Now why am I telling you that? Well, because that radically changes as soon as we have a norm. The norm allows you to split any vector $v$ into its length $\|v\|$ and its direction $\frac{v}{\|v\|}$. So you can classify vectors according to their length. Well, still kind of obvious.

But we can now ask: Are at least the different directions still essentially the same? Or are there any preferred directions that you can identify just with the operations of a normed vector space?

Well, for a general norm, the directions are indeed not equal. For example, take the maximum-norm on $\mathbb R^2$, given by $$\left\|\pmatrix{x\\y}\right\| = \max\{|x|,|y|\}$$ and consider the four vectors $$a=\pmatrix{1\\0}, b=\pmatrix{0\\1}, c=\pmatrix{1\\1} \text{ and } d=\pmatrix{1\\-1}.$$ It is easily checked that each of them is an unit vector under that norm. However they are easily distinguished: For the vector $a$, we habe $a+b=c$ and $a-b=d$, that is, there exists an unit vector, $b$, for which both adding and subtracting each gives yet another unit vector. The same is, of course, true for $b$. On the other hand, neither $c$ nor $d$ allow such an unit vector. So this norm clearly allows to distinguish $a$ from $c$, by the existence of such a vector.

Now this is special to that specific norm; most other norms won't allow this specific way of distinguishing.

However let's look specifically at the quantity $$f(v) := \min_{\|w\|=1}g(v,w),\quad g(v,w)=(\|v+w\|^2+\|v-w\|^2).$$ We can easily check that $$g(v,\frac{v}{\|v\|}) = (\|v\|+1)^2 + (\|v\|-1)^2 = 2\|v\|^2 + 2$$ and thus $f(v)\le 2\|v\|^2+2$, and in particular for unit vectors, $f(v)\le 4$.

Let's check this quantity on our maximum-norm example from above. A straightforward calculation gives $f(a)=2, f(c)=4$. So we see that this function indeed allows us to distinguish the different directions.

On the other hand, one readily checks that if the parallelogram law holds, then for any vector $v$, we have $f(v)=2\|v\|+2$, that is, $f$ does not allow to distinguish between different vectors of the same norm.

Indeed, I think the converse should also hold: A norm that doesn't distinguish directions (that is, $f(v)$ only depends on $\|v\|$) necessarily fulfils the parallelogram law. Which would mean that the Euclidean norm is the unique norm that treats all directions equally. However at the moment I don't see how to show it.

Edit:

It seams I haven't been as clear as I thought I was, therefore I'll clarify.

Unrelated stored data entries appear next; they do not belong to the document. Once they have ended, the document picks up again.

lemma lattice_basis_insert:
  assumes C: "lattice_basis H C" and H: "H \<subseteq> span S" and h: "h \<notin> span S"
  shows "lattice_basis {of_int q *\<^sub>R h + w | q w. w \<in> H} (insert h C)"
proof -
  have "finite C" "independent C" and HC: "H = int_span C" using C by (auto simp: lattice_basis_def)
  have "h \<notin> span C"
    using h H HC int_span_superset[OF \<open>finite C\<close>] span_minimal[OF _ subspace_span, of C S] by auto
  then have "h \<notin> C" using span_base by blast
  have "int_span (insert h C) = {of_int q *\<^sub>R h + w | q w. w \<in> H}"
    using int_span_insert[OF \<open>finite C\<close> \<open>h \<notin> C\<close>] HC by simp
  with \<open>finite C\<close> \<open>independent C\<close> \<open>h \<notin> span C\<close> show ?thesis
    unfolding lattice_basis_def by (simp add: independent_insert)
qed

lemma additive_subgroup_int_coefficients:
  fixes b :: "'a::real_vector"
  assumes H: "additive_subgroup H" and W: "additive_subgroup W"
  shows "additive_subgroup {k. \<exists>w\<in>W. of_int k *\<^sub>R b + w \<in> H}"
  unfolding additive_subgroup_def
proof (intro conjI ballI)
  show "0 \<in> {k. \<exists>w\<in>W. of_int k *\<^sub>R b + w \<in> H}"
    using additive_subgroup_zero[OF H] additive_subgroup_zero[OF W] by force
next
  fix k l assume "k \<in> {k. \<exists>w\<in>W. of_int k *\<^sub>R b + w \<in> H}" "l \<in> {k. \<exists>w\<in>W. of_int k *\<^sub>R b + w \<in> H}"
  then obtain w v where "w \<in> W" "of_int k *\<^sub>R b + w \<in> H" "v \<in> W" "of_int l *\<^sub>R b + v \<in> H"
    by blast
  moreover have "of_int (k + l) *\<^sub>R b + (w + v) = (of_int k *\<^sub>R b + w) + (of_int l *\<^sub>R b + v)"
    by (simp add: algebra_simps)
  ultimately show "k + l \<in> {k. \<exists>w\<in>W. of_int k *\<^sub>R b + w \<in> H}"
    using additive_subgroup_add[OF H] additive_subgroup_add[OF W] by (metis (mono_tags) mem_Collect_eq)
next
  fix k assume "k \<in> {k. \<exists>w\<in>W. of_int k *\<^sub>R b + w \<in> H}"
  then obtain w where "w \<in> W" "of_int k *\<^sub>R b + w \<in> H" by blast
  moreover have "of_int (- k) *\<^sub>R b + (- w) = - (of_int k *\<^sub>R b + w)" by simp
  ultimately show "- k \<in> {k. \<exists>w\<in>W. of_int k *\<^sub>R b + w \<in> H}"
    using additive_subgroup_minus[OF H] additive_subgroup_minus[OF W] by (metis (mono_tags) mem_Collect_eq)
qed

lemma additive_subgroup_eq_multiples_plus_Int:
  fixes b :: "'a::real_vector"
  assumes H: "additive_subgroup H" and W: "additive_subgroup W"
    and decomp: "\<And>v. v \<in> H \<Longrightarrow> \<exists>k. \<exists>w\<in>W. v = of_int k *\<^sub>R b + w"
    and dvd: "\<And>k w. w \<in> W \<Longrightarrow> of_int k *\<^sub>R b + w \<in> H \<Longrightarrow> d dvd k"
    and w0: "w0 \<in> W" "of_int d *\<^sub>R b + w0 \<in> H"
  shows "H = {of_int q *\<^sub>R (of_int d *\<^sub>R b + w0) + w | q w. w \<in> H \<inter> W}"
proof (intro equalityI subsetI)
  let ?h = "of_int d *\<^sub>R b + w0"
  fix v assume "v \<in> H"
  with decomp obtain k w where w: "w \<in> W" "v = of_int k *\<^sub>R b + w" by blast
  with dvd \<open>v \<in> H\<close> obtain q where "k = q * d" by (metis dvd_def mult.commute)
  then have "v - of_int q *\<^sub>R ?h = w - of_int q *\<^sub>R w0"
    by (simp add: w(2) algebra_simps)
  moreover have "w - of_int q *\<^sub>R w0 \<in> W"
    using w(1) w0(1) W by (intro additive_subgroup_diff additive_subgroup_scaleR_of_int)
  moreover have "v - of_int q *\<^sub>R ?h \<in> H"
    using \<open>v \<in> H\<close> w0(2) H by (intro additive_subgroup_diff additive_subgroup_scaleR_of_int)
  ultimately have "v - of_int q *\<^sub>R ?h \<in> H \<inter> W" by simp
  then show "v \<in> {of_int q *\<^sub>R ?h + w | q w. w \<in> H \<inter> W}" by force
next
  fix v assume "v \<in> {of_int q *\<^sub>R (of_int d *\<^sub>R b + w0) + w | q w. w \<in> H \<inter> W}"
  then show "v \<in> H" using w0(2) H
    by (auto intro!: additive_subgroup_add additive_subgroup_scaleR_of_int)
qed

Let me first formally define what I mean when I say that an algebraic structure doesn't distinguish certain objects. Explaining that was the point of my first paragraph above, but judging from the comment, I failed. Therefore here the formal definition:

An algebraic structure does distinguish between objects $a$ and $b$ if there is a statement $\phi(x)$, using only the tools given by the algebraic structure, such that $\phi(a)$ is true and $\phi(b)$ is false.

Note that $\phi(x)$ has $x$ as its only free variable, and in particular does not contain any constant object from the algebraic structure unless that object can itself be specified using only the tools of the algebraic structure itself (and of course those provided by logic itself, in particular equality).

For example, a vector space without norm does distinguish the zero vector from any non-zero vector using e.g. the statement $\phi(x) \equiv x + x = x$. That statement clearly is true for for the zero vector, and is false for any other vector. And that statement only uses the tools provided by the algebraic structure (here specifically, addition).

On the other hand, a vector space without norm does not distinguish any two non-zero vectors. That is, given two non-zero vectors $a$ and $b$, there is no formula $\phi(x)$ such that $\phi(a)$ is true and $\phi(b)$ is false.

Now you might say that e.g. in $\mathbb R^2$, the formula $\phi(x) \equiv x=\pmatrix{1\\0}$ is such a formula. But note that the vector $\pmatrix{1\\0}$ is not provided by the vector space structure. That is, there is nothing in the vector space axioms that tells us that the vector space contains a vector $\pmatrix{0\\1}$.

You might also say that $\phi(x) \equiv x=a$ is a formula that distinguishes $a$ from $b$, as clearly it is true for $a$ and false for $b$. But again, $a$ is not supplied by the vector space axioms, and to allow it to be supplied at the same time as $b$, we'd need two free variables, that is, $\phi(x,y)\equiv x=y$, so that we then can set $y$ to $a$. But the definition above allows only for one free variable.

OK, so after having our definition, let's consider a normed vector space $V$. As I wrote above, now the non-zero vectors are no longer all equal; for example, if we choose $\mathbb R^2$ with the maximum-norm, then we can distinguish between the vector $a=\pmatrix{1\\0}$ and the vector $b=\pmatrix{2\\0}$ e.g. through the statement $\phi(x) \equiv \|x\| = 1$, which obviously is true for $x=a$, but is false for $x=b$.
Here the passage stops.